Re: Capturing all keys on more-than-102-keys keyboards

From: Helge Hafting (helgehaf@idb.hist.no)
Date: Thu Feb 10 2000 - 05:35:28 EST


> > You can find more and more keyboards with extra keys, such as media
> > players control keys (Start, Stop, Pause, etc.), sleep and so on.
> >
> > The problem is: the scancodes won't even show on a showkey -s!
> > The question is: what to change and where? I'd like the kernel to at
> > least tell "Unknown scancode: <the_scancode>", but how can I do that?
>
> Roughly speaking (that is, apart from some `protocol' scancodes)
> showkey -s will show you everything the keyboard produces.
> So, when showkey -s doesnt show anything that is because the
> keyboard does not produce anything, and no kernel patch
> will change that.

Some keyboards communicate extra keys by using "protocol oddities".
Such keys either don't show up with showkey, or they alias to some
other existing key.

The simple way of capture these (for development purposes) is to
edit the keyboard device driver. There is a single place where
it reads bytes from an io-port, when handling the
keyboard interrupt. The byte read is looked up in
tables an turned into keypress/key-release codes that showkey will
show. "Protocol oddities" are removed at this stage.

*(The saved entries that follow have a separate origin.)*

(* Let $\mathbb{F}\subseteq\mathbb{C}$ be a subfield closed under complex conjugation, let $m\ge 1$, $N\ge1$, and let $\mathbf{A}(z)=\sum_{k=0}^N A_kz^k$ with $A_k\in\mathbb{F}^{m\times m}$ and $A_N\neq 0$ satisfy $\mathbf{A}(z)\widetilde{\mathbf{A}}(z)=I_m$ for all $z\in\mathbb{C}\setminus\{0\}$, where $\widetilde{\mathbf{A}}(z)=\sum_{k=0}^N A_k^*z^{-k}$. Then $\det\mathbf{A}(z)=c\,z^d$ for some constant $c\ne0$ and integer $d\ge0$, and: (a) $d\ge N$; (b) $d=N$ if and only if $\operatorname{rank}(A_0)=m-1$.
   Context: $A^*$ denotes the conjugate transpose of a matrix $A$. *)

theory Defs
  imports "HOL-Analysis.Analysis"
begin

definition cmat_adj :: "complex^'n^'m \<Rightarrow> complex^'m^'n" where
  "cmat_adj A = (\<chi> i j. cnj (A $ j $ i))"

definition is_subfield :: "complex set \<Rightarrow> bool" where
  "is_subfield F \<longleftrightarrow> 0 \<in> F \<and> 1 \<in> F \<and>
     (\<forall>x\<in>F. \<forall>y\<in>F. x + y \<in> F \<and> x * y \<in> F) \<and>
     (\<forall>x\<in>F. - x \<in> F \<and> inverse x \<in> F)"

definition mpoly_eval :: "(nat \<Rightarrow> complex^'m^'m) \<Rightarrow> nat \<Rightarrow> complex \<Rightarrow> complex^'m^'m" where
  "mpoly_eval A N z = (\<chi> i j. \<Sum>k\<le>N. A k $ i $ j * z ^ k)"

definition mpoly_tilde :: "(nat \<Rightarrow> complex^'m^'m) \<Rightarrow> nat \<Rightarrow> complex \<Rightarrow> complex^'m^'m" where
  "mpoly_tilde A N z = (\<chi> i j. \<Sum>k\<le>N. cmat_adj (A k) $ i $ j * inverse z ^ k)"

end

theory Submission
  imports Defs "HOL-Computational_Algebra.Fundamental_Theorem_Algebra"
begin

text \<open>For z \<noteq> 0 the paraconjugate B(z) = \<Sum> A_k^* z^-k is the inverse of A(z), so det A(z)
is a polynomial without nonzero roots, hence c z^d. Moreover adj A(z) = det A(z) B(z), and
multiplying by z^N turns this into an identity z^N adj A(z) = c z^d R(z) between matrices that are
polynomial in z, where R(z) = z^N B(z) has R(0) = A_N^* \<noteq> 0. Comparing orders at z = 0: d < N
would force A_N^* = 0, and d = N exactly when adj A_0 \<noteq> 0, which for the singular matrix A_0
means rank A_0 = m - 1.\<close>

lemma poly_det:
  fixes M :: "'a::comm_ring_1 poly^'n^'n"
  shows "poly (det M) x = det (\<chi> i j. poly (M $ i $ j) x)"
  by (simp add: det_def poly_sum poly_prod)

lemma poly_eq_monomial_if_nonzero_off_0:
  fixes p :: "complex poly"
  assumes "\<And>z. z \<noteq> 0 \<Longrightarrow> poly p z \<noteq> 0"
  obtains c d where "c \<noteq> 0" "\<And>z. poly p z = c * z ^ d"
proof -
  have "p \<noteq> 0" using assms[of 1] by auto
  then obtain q where p: "p = [:0, 1:] ^ order 0 p * q" and "\<not> [:0, 1:] dvd q"
    using order_decomp[of p 0] by auto
  then have "poly q 0 \<noteq> 0" by (simp add: poly_eq_0_iff_dvd)
  moreover have "poly q z \<noteq> 0" if "z \<noteq> 0" for z
    using assms[OF that] by (subst (asm) p) simp
  ultimately have "constant (poly q)"
    by (metis fundamental_theorem_of_algebra)
  then have "poly q z = poly q 0" for z
    unfolding constant_def by blast
  then have "poly p z = poly q 0 * z ^ order 0 p" for z
    by (subst p) simp
  with \<open>poly q 0 \<noteq> 0\<close> show ?thesis using that by blast
qed

lemma isCont_det:
  fixes M :: "'a::t2_space \<Rightarrow> 'b::real_normed_field^'n^'n"
  assumes "\<And>i j. isCont (\<lambda>x. M x $ i $ j) x0"
  shows "isCont (\<lambda>x. det (M x)) x0"
  unfolding det_def by (intro continuous_intros assms)

definition adjugate :: "'a::comm_ring_1^'n^'n \<Rightarrow> 'a^'n^'n" where
  "adjugate A = (\<chi> i j. det (\<chi> r. if r = j then axis i 1 else row r A))"

lemma isCont_adjugate:
  fixes M :: "'a::t2_space \<Rightarrow> 'b::real_normed_field^'n^'n"
  assumes "\<And>i j. isCont (\<lambda>x. M x $ i $ j) x0"
  shows "isCont (\<lambda>x. adjugate (M x) $ i $ j) x0"
  unfolding adjugate_def vec_lambda_beta
proof (rule isCont_det)
  show "isCont (\<lambda>x. (\<chi> r. if r = j then axis i 1 else row r (M x)) $ r $ s) x0" for r s
    by (cases "r = j") (simp_all add: row_def assms)
qed

lemma det_replace_row:
  fixes A :: "'a::comm_ring_1^'n^'n"
  shows "det (\<chi> r. if r = j then v else row r A) = (\<Sum>i\<in>UNIV. v $ i * adjugate A $ i $ j)"
proof -
  have "v = (\<Sum>i\<in>UNIV. v $ i *s axis i 1)"
    by (simp add: vec_eq_iff axis_def if_distrib cong: if_cong)
  then have "det (\<chi> r. if r = j then v else row r A)
      = det (\<chi> r. if r = j then \<Sum>i\<in>UNIV. v $ i *s axis i 1 else row r A)"
    by (rule arg_cong)
  also have "\<dots> = (\<Sum>i\<in>UNIV. det (\<chi> r. if r = j then v $ i *s axis i 1 else row r A))"
    by (simp add: det_linear_row_sum)
  also have "\<dots> = (\<Sum>i\<in>UNIV. v $ i * adjugate A $ i $ j)"
    by (simp add: det_row_mul adjugate_def)
  finally show ?thesis .
qed

lemma matrix_mul_adjugate:
  fixes A :: "'a::comm_ring_1^'n^'n"
  shows "A ** adjugate A = mat (det A)"
proof -
  have "(A ** adjugate A) $ k $ j = det (\<chi> r. if r = j then row k A else row r A)" for k j
    by (simp add: matrix_matrix_mult_def det_replace_row row_def)
  moreover have "det (\<chi> r. if r = j then row k A else row r A) = (if k = j then det A else 0)"
    for k j :: 'n
  proof (cases "k = j")
    case True
    then have "(\<chi> r. if r = j then row k A else row r A) = A"
      by (simp add: row_def vec_eq_iff)
    with True show ?thesis by simp
  next
    case False
    then show ?thesis by (intro trans[OF det_identical_rows[of k j]]) (auto simp: row_def)
  qed
  ultimately show ?thesis by (simp add: vec_eq_iff mat_def)
qed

If you want to see everything, put a "printk" at the line after
reading the io-port. Compile and run this kernel, but not for long.
The console will print a line each time you press or release a key, and
this will also be recored in your logfiles. It is very annoying
for normal work.

Look at what codes (or sequences of codes) your unusal key produce
when pressed and released. And see if it repeats when held down.

Reboot into a normal kernel before analyzing the logfiles.
You *will* get your keys this way, if they use the normal interface
at all. You may then modify the keyboard driver. This could be as
simple
as adding a table entry for a key with normal behaviour but unusual
code,
or as complex as adding extra logic for keys that transmit strange
sequences of codes when pressed.

The only problem you might run into are keyboards who need to be told
to "turn on" nonstandard keys. (Done because a certain os *crash* if
it gets unusual keycodes) Another problem is keys that use a separate
interface (some other io-port etc.). Use a different driver for those.

Finally, note that Vojtech Pavlik rewrote the keyboard/mouse input
system a long time ago making such modifications simpler. His
work is unfortunately postponed for 2.5 though.